Revision history for this message
Dimitri John Ledkov (xnox) wrote :

is that blocking on NSS user lookup on gaining network connectivity? Also on a classic system i would have expected for /var/lib/extrausers/passwd to not be used, as the user should be either systemd's DynamicUser or system pre-allocated one.

Revision history for this message
Dan Watkins (oddbloke) wrote :

I was able to SSH in before the service completed, so I don't think it's just a lack of network connectivity.

http://paste.ubuntu.com/p/pSrJJVD8zt/ is the full journalctl output from the (GCE) instance.

(I'm not 100% sure if this is relevant to the second part of your comment, Dimitri, but this is a snap service, so this script is running in a snap context (i.e. not fully "in" a classic system).)

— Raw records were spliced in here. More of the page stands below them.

(* Let $(V,m)$ be a discrete measure space and $(b,c)$ a graph over $(V,m)$. The following are equivalent: (i) $Q^{(N)}\neq Q^{(D)}$, i.e. $D(Q^{(N)})/D(Q^{(D)})\neq\{0\}$; (ii) there exists $u\in D(Q^{(N)})$, $u\not\equiv0$, with $(\widetilde L+1)u=0$; (iii) there exists $u\in D(Q^{(N)})\cap\ell^\infty(V)$, $u\not\equiv0$, with $(\widetilde L+1)u=0$.
   Context: $V$ is a finite or countably infinite set and $m:V\to(0,\infty)$; $(V,m)$ is a discrete measure space. $C(V)$ is the set of all functions $V\to\mathbb C$, $C_c(V)$ the finitely supported ones, and $\ell^2(V,m)$ carries $\langle u,v\rangle=\sum_x u(x)\overline{v(x)}m(x)$. A graph over $(V,m)$ is a pair $(b,c)$ with $c:V\to[0,\infty)$, $b:V\times V\to[0,\infty)$, $b(x,x)=0$, $b(x,y)=b(y,x)$, $\sum_y b(x,y)<\infty$. Let $\widetilde F=\{u\in C(V):\sum_y|b(x,y)u(y)|<\infty\ \forall x\}$ and $\widetilde L u(x)=\frac{1}{m(x)}\sum_y b(x,y)(u(x)-u(y))+\frac{c(x)}{m(x)}u(x)$ for $u\in\widetilde F$. $Q^{(N)}$ is the form on $\ell^2(V,m)$ with domain $D(Q^{(N)})=\{u\in\ell^2(V,m):\frac12\sum_{x,y}b(x,y)|u(x)-u(y)|^2+\sum_x c(x)|u(x)|^2<\infty\}$ and $Q^{(N)}(u,v)=\frac12\sum_{x,y}b(x,y)(u(x)-u(y))\overline{(v(x)-v(y))}+\sum_x c(x)u(x)\overline{v(x)}$; it is non-negative, symmetric and closed, and $D(Q^{(N)})\subseteq\widetilde F$. $Q^{(D)}$ is the closure of the restriction of $Q^{(N)}$ to $C_c(V)$. *)

theory Defs
  imports "HOL-Analysis.Analysis"
begin

text \<open>Vertex set V is modelled by a countable type 'v (finite or countably infinite).
  Functions V \<rightarrow> C are of type 'v \<Rightarrow> complex.\<close>

definition is_graph :: "('v \<Rightarrow> real) \<Rightarrow> ('v \<Rightarrow> 'v \<Rightarrow> real) \<Rightarrow> ('v \<Rightarrow> real) \<Rightarrow> bool" where
  "is_graph m b c \<longleftrightarrow>
     (\<forall>x. m x > 0) \<and> (\<forall>x. c x \<ge> 0) \<and> (\<forall>x y. b x y \<ge> 0) \<and> (\<forall>x. b x x = 0) \<and>
     (\<forall>x y. b x y = b y x) \<and> (\<forall>x. (\<lambda>y. b x y) summable_on UNIV)"

definition l2 :: "('v \<Rightarrow> real) \<Rightarrow> ('v \<Rightarrow> complex) set" where
  "l2 m = {u. (\<lambda>x. (cmod (u x))\<^sup>2 * m x) summable_on UNIV}"

definition l2_norm_sq :: "('v \<Rightarrow> real) \<Rightarrow> ('v \<Rightarrow> complex) \<Rightarrow> real" where
  "l2_norm_sq m u = (\<Sum>\<^sub>\<infinity>x. (cmod (u x))\<^sup>2 * m x)"

definition linfty :: "('v \<Rightarrow> complex) set" where
  "linfty = {u. \<exists>C. \<forall>x. cmod (u x) \<le> C}"

definition finsupp :: "('v \<Rightarrow> complex) set" where
  "finsupp = {u. finite {x. u x \<noteq> 0}}"

definition QN_dom :: "('v \<Rightarrow> real) \<Rightarrow> ('v \<Rightarrow> 'v \<Rightarrow> real) \<Rightarrow> ('v \<Rightarrow> real) \<Rightarrow> ('v \<Rightarrow> complex) set" where
  "QN_dom m b c = {u. u \<in> l2 m \<and>
      (\<lambda>(x,y). b x y * (cmod (u x - u y))\<^sup>2) summable_on UNIV \<and>
      (\<lambda>x. c x * (cmod (u x))\<^sup>2) summable_on UNIV}"

definition QN :: "('v \<Rightarrow> 'v \<Rightarrow> real) \<Rightarrow> ('v \<Rightarrow> real) \<Rightarrow> ('v \<Rightarrow> complex) \<Rightarrow> real" where
  "QN b c u = (1/2) * (\<Sum>\<^sub>\<infinity>(x,y). b x y * (cmod (u x - u y))\<^sup>2) + (\<Sum>\<^sub>\<infinity>x. c x * (cmod (u x))\<^sup>2)"

text \<open>Domain of Q^(D): closure of C_c(V) in D(Q^(N)) w.r.t. the form norm
  (Q^(N)(u,u) + \<parallel>u\<parallel>^2)^(1/2).\<close>
definition QD_dom :: "('v \<Rightarrow> real) \<Rightarrow> ('v \<Rightarrow> 'v \<Rightarrow> real) \<Rightarrow> ('v \<Rightarrow> real) \<Rightarrow> ('v \<Rightarrow> complex) set" where
  "QD_dom m b c = {u. u \<in> QN_dom m b c \<and>
      (\<exists>\<phi> :: nat \<Rightarrow> 'v \<Rightarrow> complex. (\<forall>n. \<phi> n \<in> finsupp \<and> (\<lambda>x. u x - \<phi> n x) \<in> QN_dom m b c) \<and>
         (\<lambda>n. QN b c ((\<lambda>x. u x - \<phi> n x)) + l2_norm_sq m ((\<lambda>x. u x - \<phi> n x))) \<longlonglongrightarrow> 0)}"

definition Ftilde :: "('v \<Rightarrow> 'v \<Rightarrow> real) \<Rightarrow> ('v \<Rightarrow> complex) set" where
  "Ftilde b = {u. \<forall>x. (\<lambda>y. cmod (complex_of_real (b x y) * u y)) summable_on UNIV}"

definition Ltilde :: "('v \<Rightarrow> real) \<Rightarrow> ('v \<Rightarrow> 'v \<Rightarrow> real) \<Rightarrow> ('v \<Rightarrow> real) \<Rightarrow> ('v \<Rightarrow> complex) \<Rightarrow> 'v \<Rightarrow> complex" where
  "Ltilde m b c u x = complex_of_real (1 / m x) * (\<Sum>\<^sub>\<infinity>y. complex_of_real (b x y) * (u x - u y))
                      + complex_of_real (c x / m x) * u x"

end

theory Submission
  imports Defs
begin

text \<open>
  Write \<open>q(u) = Q\<^sup>N(u,u) + \<parallel>u\<parallel>\<^sup>2\<close> for the form norm on \<open>D(Q\<^sup>N)\<close> and \<open>B\<close> for the
  associated sesquilinear form.  A discrete Green formula gives
  \<open>B(u, \<delta>\<^sub>z) = m(z) ((\<widetilde>L + 1) u)(z)\<close>, so the solutions of \<open>(\<widetilde>L + 1) u = 0\<close> in \<open>D(Q\<^sup>N)\<close>
  (called 1-harmonic below) are exactly the \<open>B\<close>-orthogonal complement of \<open>C\<^sub>c(V)\<close>, and hence
  satisfy \<open>q(u) \<le> q(u - v)\<close> for all \<open>v \<in> D(Q\<^sup>D)\<close>.
  (ii) \<open>\<Rightarrow>\<close> (i): a 1-harmonic \<open>u\<close> lying in \<open>D(Q\<^sup>D)\<close> satisfies \<open>q(u) \<le> q(0) = 0\<close>.
  (i) \<open>\<Rightarrow>\<close> (ii): for \<open>w \<notin> D(Q\<^sup>D)\<close> minimise \<open>q(w - \<phi>)\<close> over \<open>\<phi> \<in> C\<^sub>c(V)\<close>; by the parallelogram
  law a minimising sequence converges in \<open>q\<close> to some \<open>h \<noteq> 0\<close>, and the minimality of \<open>h\<close>
  against perturbations \<open>t \<delta>\<^sub>z\<close> forces \<open>B(h, \<delta>\<^sub>z) = 0\<close>, i.e. \<open>h\<close> is 1-harmonic.
  (ii) \<open>\<Rightarrow>\<close> (iii): the truncation \<open>w\<close> of a 1-harmonic \<open>u\<close> to a disc is still outside
  \<open>D(Q\<^sup>D)\<close>, since \<open>Re B(u, w) > 0\<close>; truncating a minimising sequence for \<open>w\<close> does not
  increase \<open>q\<close>, so the resulting 1-harmonic limit is bounded by the same radius.
\<close>

section \<open>Weighted square sums\<close>

text \<open>The three parts of the graph form (edges, killing term, measure) are all of this shape.\<close>

definition wsummable :: "('i \<Rightarrow> real) \<Rightarrow> ('i \<Rightarrow> complex) \<Rightarrow> bool" where
  "wsummable w g \<longleftrightarrow> (\<lambda>i. w i * (cmod (g i))\<^sup>2) summable_on UNIV"

definition wnorm2 :: "('i \<Rightarrow> real) \<Rightarrow> ('i \<Rightarrow> complex) \<Rightarrow> real" where
  "wnorm2 w g = (\<Sum>\<^sub>\<infinity>i. w i * (cmod (g i))\<^sup>2)"

definition winner :: "('i \<Rightarrow> real) \<Rightarrow> ('i \<Rightarrow> complex) \<Rightarrow> ('i \<Rightarrow> complex) \<Rightarrow> complex" where
  "winner w g k = (\<Sum>\<^sub>\<infinity>i. complex_of_real (w i) * (g i * cnj (k i)))"

lemma summable_on_real_comparison:
  fixes f g :: "'i \<Rightarrow> real"
  assumes "g summable_on A" "\<And>x. x \<in> A \<Longrightarrow> 0 \<le> f x" "\<And>x. x \<in> A \<Longrightarrow> f x \<le> g x"
  shows "f summable_on A"
proof -
  have "(\<lambda>x. norm (g x)) summable_on A" using assms(1) summable_on_iff_abs_summable_on_real by blast
  then have "(\<lambda>x. norm (f x)) summable_on A"
    by (rule Infinite_Sum.abs_summable_on_comparison_test) (use assms in force)
  then show ?thesis using summable_on_iff_abs_summable_on_real by blast
qed

lemma summable_on_complex_comparison:
  fixes f :: "'i \<Rightarrow> complex" and g :: "'i \<Rightarrow> real"
  assumes "g summable_on A" "\<And>x. x \<in> A \<Longrightarrow> cmod (f x) \<le> g x"
  shows "f summable_on A"
proof -
  have "(\<lambda>x. norm (g x)) summable_on A" using assms(1) summable_on_iff_abs_summable_on_real by blast
  then have "(\<lambda>x. norm (f x)) summable_on A"
    by (rule Infinite_Sum.abs_summable_on_comparison_test) (use assms in force)
  then show ?thesis using summable_on_iff_abs_summable_on_complex by blast
qed

lemma cmod_add_sq_le:
  fixes a b :: complex and e :: real
  assumes "e > 0"
  shows "(cmod (a + b))\<^sup>2 \<le> (1 + e) * (cmod a)\<^sup>2 + (1 + 1/e) * (cmod b)\<^sup>2"
proof -
  have "(cmod (a + b))\<^sup>2 \<le> (cmod a + cmod b)\<^sup>2"
    by (simp add: norm_triangle_ineq power_mono)
  also have "\<dots> \<le> (1 + e) * (cmod a)\<^sup>2 + (1 + 1/e) * (cmod b)\<^sup>2"
  proof -
    have "0 \<le> (e * cmod a - cmod b)\<^sup>2 / e" using assms by simp
    also have "(e * cmod a - cmod b)\<^sup>2 / e = e * (cmod a)\<^sup>2 + (cmod b)\<^sup>2 / e - 2 * cmod a * cmod b"
      using assms by (simp add: field_simps power2_eq_square)
    finally show ?thesis using assms by (simp add: field_simps power2_eq_square)
  qed
  finally show ?thesis .
qed

context
  fixes w :: "'i \<Rightarrow> real"
  assumes w_nonneg: "\<And>i. 0 \<le> w i"
begin

lemma wnorm2_nonneg: "0 \<le> wnorm2 w g"
  unfolding wnorm2_def by (rule infsum_nonneg) (simp add: w_nonneg)

lemma wsummable_mono:
  assumes k: "wsummable w k" and le: "\<And>i. cmod (g i) \<le> cmod (k i)"
  shows "wsummable w g" "wnorm2 w g \<le> wnorm2 w k"
proof -
  have le2: "w i * (cmod (g i))\<^sup>2 \<le> w i * (cmod (k i))\<^sup>2" for i
    using w_nonneg[of i] le[of i] by (simp add: mult_left_mono power_mono)
  show "wsummable w g" using k unfolding wsummable_def
    by (rule summable_on_real_comparison) (use w_nonneg le2 in auto)
  then show "wnorm2 w g \<le> wnorm2 w k" using k unfolding wsummable_def wnorm2_def
    by (intro infsum_mono) (use le2 in auto)
qed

Revision history for this message
Robert C Jennings (rcj) wrote :

Attaching the 'journalctl --boot' output after first boot of an AWS AMI from today (ubuntu/images-testing/hvm-ssd/ubuntu-cosmic-daily-amd64-server-20181002 - ami-03a19e7ba42cf1f55 in us-west-2) on an m5.large instance

Revision history for this message
Robert C Jennings (rcj) wrote :

No output was returned for:

$ snap logs lxd.activate
$ snap logs lxd.daemon

Here's the rest of the info on the instance/image used to capture the journalctl output:

ubuntu@ip-172-31-35-137:~$ cat /etc/cloud/build.info
build_name: server
serial: 20181002

ubuntu@ip-172-31-35-137:~$ snap list
Name Version Rev Tracking Publisher Notes
amazon-ssm-agent 2.3.68.0 734 stable/… aws✓ classic
core 16-2.35.2 5548 stable canonical✓ core
lxd 3.5 8959 stable/… canonical✓ -

Revision history for this message
Stéphane Graber (stgraber) wrote :

Can you paste the content of /etc/nsswitch.conf from an affected instanced?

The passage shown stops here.